首先模拟退火,通过了1,2,6,9,10五个测试点。
#include<bits/stdc++.h>
using namespace std;
#define REP(i,st,ed) for(register int i=st,i##end=ed;i<=i##end;++i)
#define DREP(i,st,ed) for(register int i=st,i##end=ed;i>=i##end;--i)
typedef long long ll;
template<typename T>inline bool chkmin(T &x,T y){return (y<x)?(x=y,1):0;}
template<typename T>inline bool chkmax(T &x,T y){return (y>x)?(x=y,1):0;}
inline int read(){
int x;
char c;
int f=1;
while((c=getchar())!='-' && (c>'9' || c<'0'));
if(c=='-') f=-1,c=getchar();
x=c^'0';
while((c=getchar())>='0' && c<='9') x=(x<<1)+(x<<3)+(c^'0');
return x*f;
}
inline ll readll(){
ll x;
char c;
int f=1;
while((c=getchar())!='-' && (c>'9' || c<'0'));
if(c=='-') f=-1,c=getchar();
x=c^'0';
while((c=getchar())>='0' && c<='9') x=(x<<1ll)+(x<<3ll)+(c^'0');
return x*f;
}
const int maxn=100000+10;
const double delt=0.98;
int a[maxn],n,m,k;
int Wanted;
inline double Possible(){ return rand()*1.0/RAND_MAX; }
inline int getans(){
freopen("placement8.out","w",stdout);
REP(i,1,n) printf("%d%c",a[i],i==iend?'\n':' ');
fclose(stdout);
system("./simulator placement8.in placement8.out");
freopen("res.txt","r",stdin);
int res=read();
fclose(stdin);
if(res<=Wanted) exit(0);
return res;
}
int main(){
srand(time(0));
freopen("placement8.ans","r",stdin);
REP(i,1,10) Wanted=read();
fclose(stdin);
freopen("placement8.in","r",stdin);
n=read(),m=read(),k=read();
m=k;
fclose(stdin);
int Now;
//cerr << Possible() << endl; return 0;
REP(i,1,n) a[i]=rand()%m+1;
while(1){
double T=100;
Now=getans();
while(T>=1e-6){
int x=rand()%n+1,y=rand()%m+1,z=a[x];
a[x]=y;
int res=getans();
if(res<Now||(Possible()<exp((-fabs(res-Now))/T))) Now=res;
else a[x] = z;
T*=delt;
}
REP(i,1,1e5) {
int x=rand()%n+1,y=rand()%m+1,z=a[x];
a[x]=y;
int res=getans();
if(res<Now) Now=res; else a[x]=z;
}
}
return 0;
}观察第三个测试点,发现只有三台TPU,且依赖数为0,最后答案为106,可以直接dp求出最优解。
#include<bits/stdc++.h>
using namespace std;
#define REP(i,st,ed) for(register int i=st,i##end=ed;i<=i##end;++i)
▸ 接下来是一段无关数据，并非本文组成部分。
lemma Re_pos_image_ball:
  fixes p :: "complex \<Rightarrow> complex"
  assumes "p holomorphic_on ball 0 1" and "p 0 = 1"
    and "\<And>z. z \<in> ball 0 1 \<Longrightarrow> 0 < Re (p z)" and "cmod z < r" and "r < 1"
  shows "p z \<in> ball ((1 + r\<^sup>2) / (1 - r\<^sup>2)) (2 * r / (1 - r\<^sup>2))"
proof -
  obtain w where "cmod w \<le> cmod z" and "p z = (1 + w) / (1 - w)"
    using Re_pos_subordinate_Cayley[OF assms(1-3), of z] assms(4,5) by auto
  with assms show ?thesis using Cayley_image_ball[of w r] by simp
qed

lemma holomorphic_Qf:
  assumes "classA f" and nz: "\<And>z. z \<in> ball 0 1 \<Longrightarrow> z \<noteq> 0 \<Longrightarrow> f z \<noteq> 0"
  shows "Qf f holomorphic_on ball 0 1"
proof -
  have holf: "f holomorphic_on ball 0 1" and f0: "f 0 = 0" and f'0: "deriv f 0 = 1"
    using assms(1) by (auto simp: classA_def)
  \<comment> \<open>the difference quotient g z = f z / z extends holomorphically with g 0 = 1, and Q_f = z f' / f = f' / g\<close>
  define g where "g = (\<lambda>z. if z = 0 then deriv f 0 else (f z - f 0) / (z - 0))"
  have "g holomorphic_on ball 0 1"
    unfolding g_def by (rule pole_lemma_open[OF holf]) auto
  moreover have "g z \<noteq> 0" if "z \<in> ball 0 1" for z
    using nz[OF that] f0 f'0 by (auto simp: g_def)
  ultimately have "(\<lambda>z. deriv f z / g z) holomorphic_on ball 0 1"
    by (intro holomorphic_intros holomorphic_deriv holf) auto
  moreover have "deriv f z / g z = Qf f z" for z
    using f0 f'0 by (cases "z = 0") (auto simp: g_def Qf_def)
  ultimately show ?thesis by simp
qed

lemma frontier_image_ball_subset:
  fixes g :: "'a::heine_borel \<Rightarrow> 'b::metric_space"
  assumes "continuous_on (cball a r) g" and "open (g ` ball a r)"
  shows "frontier (g ` ball a r) \<subseteq> g ` sphere a r"
proof
  fix x assume x: "x \<in> frontier (g ` ball a r)"
  have "closed (g ` cball a r)"
    by (intro compact_imp_closed compact_continuous_image assms(1) compact_cball)
  then have "closure (g ` ball a r) \<subseteq> g ` cball a r"
    by (rule closure_minimal[rotated]) auto
  then obtain u where "u \<in> cball a r" "x = g u"
    using x by (auto simp: frontier_def)
  moreover have "x \<notin> g ` ball a r"
    using x assms(2) by (simp add: frontier_def interior_open)
  ultimately show "x \<in> g ` sphere a r" by (force simp: order_le_less)
qed

lemma connected_subset_image_ball:
  fixes g :: "'a::heine_borel \<Rightarrow> 'b::metric_space"
  assumes "continuous_on (cball a r) g" and "open (g ` ball a r)"
    and "connected S" and "S \<inter> g ` ball a r \<noteq> {}" and "S \<inter> g ` sphere a r = {}"
  shows "S \<subseteq> g ` ball a r"
  using connected_Int_frontier[OF assms(3,4)] frontier_image_ball_subset[OF assms(1,2)] assms(5)
  by blast

lemma power3_Complex_unit_circle:
  assumes "x\<^sup>2 + y\<^sup>2 = 1"
  shows "Complex x y ^ 3 = Complex (4 * x ^ 3 - 3 * x) (3 * y - 4 * y ^ 3)"
proof -
  have "x ^ 3 - 3 * x * y\<^sup>2 = 4 * x ^ 3 - 3 * x" and "3 * x\<^sup>2 * y - y ^ 3 = 3 * y - 4 * y ^ 3"
    using assms by (simp_all add: algebra_simps power2_eq_square power3_eq_cube flip: eq_diff_eq)
  then show ?thesis
    by (simp add: complex_eq_iff power3_eq_cube power2_eq_square algebra_simps)
qed

lemma dist_phiNe_sphere_ge:
  assumes "cmod u = 1"
  shows "8/15 \<le> dist (phiNe u) (17/15)"
proof -
  obtain x y where u: "u = Complex x y" by (cases u)
  have xy: "x\<^sup>2 + y\<^sup>2 = 1" using assms by (simp add: u cmod_def)
  then have x2: "x\<^sup>2 \<le> 1" by (metis le_add_same_cancel1 zero_le_power2)
  then have x: "-1 \<le> x" "x \<le> 1" by (simp_all add: abs_square_le_1 abs_le_iff)
  then have "4 * x\<^sup>2 - 11 * x - 17 \<le> 0" using x2 by linarith
  have "(dist (phiNe u) (17/15))\<^sup>2 = (- 2/15 + 2 * x - 4 * x ^ 3 / 3)\<^sup>2 + (4 * y ^ 3 / 3)\<^sup>2"
    by (simp add: dist_norm cmod_power2 u phiNe_def power3_Complex_unit_circle[OF xy] field_simps)
  also have "\<dots> = (8/15)\<^sup>2 + 4/45 * ((x - 1) * (4 * x\<^sup>2 - 11 * x - 17))"
  proof -
    have "(4 * y ^ 3 / 3)\<^sup>2 = 16/9 * (y\<^sup>2) ^ 3"
      by (simp add: power_mult_distrib power_divide flip: power_mult)
    also have "\<dots> = 16/9 * (1 - x\<^sup>2) ^ 3"
      using xy by (metis add_diff_cancel_left')
    finally show ?thesis by (simp add: algebra_simps power2_eq_square power3_eq_cube)
  qed
  \<comment> \<open>equality only at u = 1, whose image 5/3 is where the Koebe function leaves the region\<close>
  also have "\<dots> \<ge> (8/15)\<^sup>2"
    using x \<open>4 * x\<^sup>2 - 11 * x - 17 \<le> 0\<close> by (simp add: mult_nonpos_nonpos)
  finally show ?thesis by (rule power2_le_imp_le) simp
qed

lemma open_OmegaNe: "open OmegaNe"
  unfolding OmegaNe_def
proof (rule open_mapping_thm[where S = UNIV])
  show "phiNe holomorphic_on UNIV" unfolding phiNe_def by (intro holomorphic_intros) auto
  have "phiNe 0 \<noteq> phiNe 1" by (simp add: phiNe_def)
  then show "\<not> phiNe constant_on UNIV"
    unfolding constant_on_def by (metis UNIV_I)
qed auto

lemma ball_subset_OmegaNe: "ball (17/15) (8/15) \<subseteq> OmegaNe"
  unfolding OmegaNe_def
proof (rule connected_subset_image_ball)
  show "continuous_on (cball 0 1) phiNe"
    unfolding phiNe_def by (intro continuous_intros) auto
  show "open (phiNe ` ball 0 1)" using open_OmegaNe by (simp add: OmegaNe_def)
  have "1 \<in> phiNe ` ball 0 1"
    by (rule image_eqI[of _ _ 0]) (simp_all add: phiNe_def)
  moreover have "1 \<in> ball (17/15 :: complex) (8/15)" by (simp add: dist_norm)
  ultimately show "ball (17/15) (8/15) \<inter> phiNe ` ball 0 1 \<noteq> {}" by blast
  show "ball (17/15) (8/15) \<inter> phiNe ` sphere 0 1 = {}"
    using dist_phiNe_sphere_ge by (force simp: dist_commute)
qed auto

lemma starlike_nonzero:
  assumes "f \<in> starlike" and "z \<in> ball 0 1" and "z \<noteq> 0" shows "f z \<noteq> 0"
  using assms by (force simp: starlike_def Qf_def)

lemma Qf_starlike_ball_quarter:
  assumes f: "f \<in> starlike" and z: "cmod z < 1/4"
  shows "Qf f z \<in> OmegaNe"
proof -
  have "classA f" and re: "\<And>z. z \<in> ball 0 1 \<Longrightarrow> 0 < Re (Qf f z)"
    using f by (auto simp: starlike_def)
  then have "Qf f holomorphic_on ball 0 1"
    using holomorphic_Qf starlike_nonzero[OF f] by blast
  then have "Qf f z \<in> ball ((1 + (1/4)\<^sup>2) / (1 - (1/4)\<^sup>2)) (2 * (1/4) / (1 - (1/4)\<^sup>2))"
    using Re_pos_image_ball[of "Qf f" z "1/4"] re z by (simp add: Qf_def)
  also have "\<dots> = ball (17/15) (8/15)" by (simp add: power2_eq_square)
  finally show ?thesis using ball_subset_OmegaNe by blast
qed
#define DREP(i,st,ed) for(register int i=st,i##end=ed;i>=i##end;--i)
typedef long long ll;
template<typename T>inline bool chkmin(T &x,T y){return (y<x)?(x=y,1):0;}
template<typename T>inline bool chkmax(T &x,T y){return (y>x)?(x=y,1):0;}
inline int read(){
int x;
char c;
int f=1;
while((c=getchar())!='-' && (c>'9' || c<'0'));
if(c=='-') f=-1,c=getchar();
x=c^'0';
while((c=getchar())>='0' && c<='9') x=(x<<1)+(x<<3)+(c^'0');
return x*f;
}
inline ll readll(){
ll x;
char c;
int f=1;
while((c=getchar())!='-' && (c>'9' || c<'0'));
if(c=='-') f=-1,c=getchar();
x=c^'0';
while((c=getchar())>='0' && c<='9') x=(x<<1ll)+(x<<3ll)+(c^'0');
return x*f;
}
const int maxn=100+10,inf=0x3f3f3f3f;
int dp[maxn][maxn][maxn],pre[maxn][maxn][maxn];
int t[maxn][maxn];
void dfs(int n,int i,int j){
if(!n) return;
if(pre[n][i][j]==1) dfs(n-1,i-t[n][1],j);
else if(pre[n][i][j]==2) dfs(n-1,i,j-t[n][2]);
else dfs(n-1,i,j);
printf("%d ",pre[n][i][j]);
}
int main(){
#ifndef ONLINE_JUDGE
freopen("placement3.in","r",stdin);
freopen("placement3.out","w",stdout);
#endif
int n=read(),m=read();
m=read(),read();
REP(i,1,n) REP(j,1,m) t[i][j]=read();
m=106;
memset(dp,inf,sizeof(dp));
dp[0][0][0]=0;
REP(i,1,n)
REP(A,0,m) REP(B,0,m) REP(C,0,m) if(dp[i-1][A][B]!=inf){
if(A+t[i][1]<=m)
if(chkmin(dp[i][A+t[i][1]][B],dp[i-1][A][B])) pre[i][A+t[i][1]][B]=1;
if(B+t[i][2]<=m)
if(chkmin(dp[i][A][B+t[i][2]],dp[i-1][A][B])) pre[i][A][B+t[i][2]]=2;
if(chkmin(dp[i][A][B],dp[i-1][A][B]+t[i][3])) pre[i][A][B]=3;
}
REP(i,0,m) REP(j,0,m) if(dp[n][i][j]<=m){
dfs(n,i,j);
return 0;
}
return 0;
}观察第四个测试点,发现依赖条件构成了三条链,则我们可以对每条链dp出最优值即可。
#include<bits/stdc++.h>
using namespace std;
#define REP(i,st,ed) for(register int i=st,i##end=ed;i<=i##end;++i)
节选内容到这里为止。